### Input data

lemma E2_eq_E3_inner:
  assumes [measurable]: "Q1 \<in> borel_measurable borel" "Q2 \<in> borel_measurable borel"
    "h \<in> borel_measurable borel" "J \<in> sets borel"
    and "J \<subseteq> {0..1}" and h_int: "set_integrable lborel ({0..1} \<times> {0..1}) h"
  shows "E2 Q1 Q2 (J \<times> {0..1}) h (x1, x2, x3, x4) = E3 Q1 J (E2_inner Q2 h (x2, x4)) (x1, x3)"
proof -
  define f where "f = (\<lambda>w. indicator (J \<times> {0..1}) w *\<^sub>R
      (\<lambda>(r, s). h (r, s) * ee (x1 * r + x2 * s + x3 \<bullet> Q1 r + x4 \<bullet> Q2 (r, s))) w)"
  have "integrable lborel f"
  proof (rule Bochner_Integration.integrable_bound)
    show "integrable lborel (\<lambda>w. indicator ({0..1} \<times> {0..1}) w *\<^sub>R h w)"
      using h_int by (simp add: set_integrable_def)
    show "AE w in lborel. norm (f w) \<le> norm (indicator ({0..1} \<times> {0..1}) w *\<^sub>R h w)"
      using \<open>J \<subseteq> {0..1}\<close> by (intro AE_I2) (auto simp: f_def norm_mult indicator_def)
  qed (unfold f_def, measurable)
  then have f_int: "integrable (lborel \<Otimes>\<^sub>M lborel) f"
    by (simp add: lborel_prod)
  have "E2 Q1 Q2 (J \<times> {0..1}) h (x1, x2, x3, x4) = (\<integral>w. f w \<partial>(lborel \<Otimes>\<^sub>M lborel))"
    by (simp add: E2_def set_lebesgue_integral_def f_def lborel_prod)
  also have "\<dots> = (\<integral>r. \<integral>s. f (r, s) \<partial>lborel \<partial>lborel)"
    by (rule lborel_pair.integral_fst'[OF f_int, symmetric])
  also have "\<dots> = (\<integral>r. indicator J r *\<^sub>R
      (E2_inner Q2 h (x2, x4) r * ee (x1 * r + x3 \<bullet> Q1 r)) \<partial>lborel)"
  proof (intro Bochner_Integration.integral_cong refl)
    fix r
    have "f (r, s) = (indicator J r * ee (x1 * r + x3 \<bullet> Q1 r)) *
        (indicator {0..1} s *\<^sub>R (h (r, s) * ee (x2 * s + x4 \<bullet> Q2 (r, s))))" for s
      by (simp add: f_def ee_add[symmetric] add_ac indicator_times scaleR_conv_of_real
          split: split_indicator)
    then show "(\<integral>s. f (r, s) \<partial>lborel)
        = indicator J r *\<^sub>R (E2_inner Q2 h (x2, x4) r * ee (x1 * r + x3 \<bullet> Q1 r))"
      by (simp add: E2_inner_def set_lebesgue_integral_def scaleR_conv_of_real
          split: split_indicator)
  qed
  also have "\<dots> = E3 Q1 J (E2_inner Q2 h (x2, x4)) (x1, x3)"
    by (simp add: E3_def set_lebesgue_integral_def)
  finally show ?thesis .
qed

lemma E3_E2_inner_eq_section:
  assumes "Q1 \<in> borel_measurable borel" "Q2 \<in> borel_measurable borel"
    "h \<in> borel_measurable borel" "J \<in> sets borel"
    and "J \<subseteq> {0..1}" and "set_integrable lborel ({0..1} \<times> {0..1}) h"
  shows "E3 Q1 J (E2_inner Q2 h y) = (\<lambda>(x1, x3). E2 Q1 Q2 (J \<times> {0..1}) h (x1, fst y, x3, snd y))"
  using E2_eq_E3_inner[OF assms] by (cases y) auto

lemma Lpnorm_E2_boxprod:
  assumes [measurable]: "Q1 \<in> borel_measurable borel" "Q2 \<in> borel_measurable borel"
    "h \<in> borel_measurable borel" "J \<in> sets borel" "B \<in> sets borel" "B' \<in> sets borel"
    and "J \<subseteq> {0..1}" "set_integrable lborel ({0..1} \<times> {0..1}) h" "0 < p"
  shows "Lpnorm p (boxprod B B') (E2 Q1 Q2 (J \<times> {0..1}) h)
    = nn_Lp_norm p (restrict_space lborel B') (\<lambda>y. Lpnorm p B (E3 Q1 J (E2_inner Q2 h y)))"
proof -
  have "E2 Q1 Q2 (J \<times> {0..1}) h \<in> borel_measurable borel"
    by (intro borel_measurable_E2) measurable
  then show ?thesis
    using assms by (simp add: Lpnorm_boxprod E3_E2_inner_eq_section split_def)
qed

######

▶ **What is expected**
Beginning with the first line above, could you copy every line exactly, up to and including the one with "x4) = (\<integral>w."?

▶ **Finished exercise**
lemma E2_eq_E3_inner:
  assumes [measurable]: "Q1 \<in> borel_measurable borel" "Q2 \<in> borel_measurable borel"
    "h \<in> borel_measurable borel" "J \<in> sets borel"
    and "J \<subseteq> {0..1}" and h_int: "set_integrable lborel ({0..1} \<times> {0..1}) h"
  shows "E2 Q1 Q2 (J \<times> {0..1}) h (x1, x2, x3, x4) = E3 Q1 J (E2_inner Q2 h (x2, x4)) (x1, x3)"
proof -
  define f where "f = (\<lambda>w. indicator (J \<times> {0..1}) w *\<^sub>R
      (\<lambda>(r, s). h (r, s) * ee (x1 * r + x2 * s + x3 \<bullet> Q1 r + x4 \<bullet> Q2 (r, s))) w)"
  have "integrable lborel f"
  proof (rule Bochner_Integration.integrable_bound)
    show "integrable lborel (\<lambda>w. indicator ({0..1} \<times> {0..1}) w *\<^sub>R h w)"
      using h_int by (simp add: set_integrable_def)
    show "AE w in lborel. norm (f w) \<le> norm (indicator ({0..1} \<times> {0..1}) w *\<^sub>R h w)"
      using \<open>J \<subseteq> {0..1}\<close> by (intro AE_I2) (auto simp: f_def norm_mult indicator_def)
  qed (unfold f_def, measurable)
  then have f_int: "integrable (lborel \<Otimes>\<^sub>M lborel) f"
    by (simp add: lborel_prod)
  have "E2 Q1 Q2 (J \<times> {0..1}) h (x1, x2, x3, x4) = (\<integral>w. f w \<partial>(lborel \<Otimes>\<^sub>M lborel))"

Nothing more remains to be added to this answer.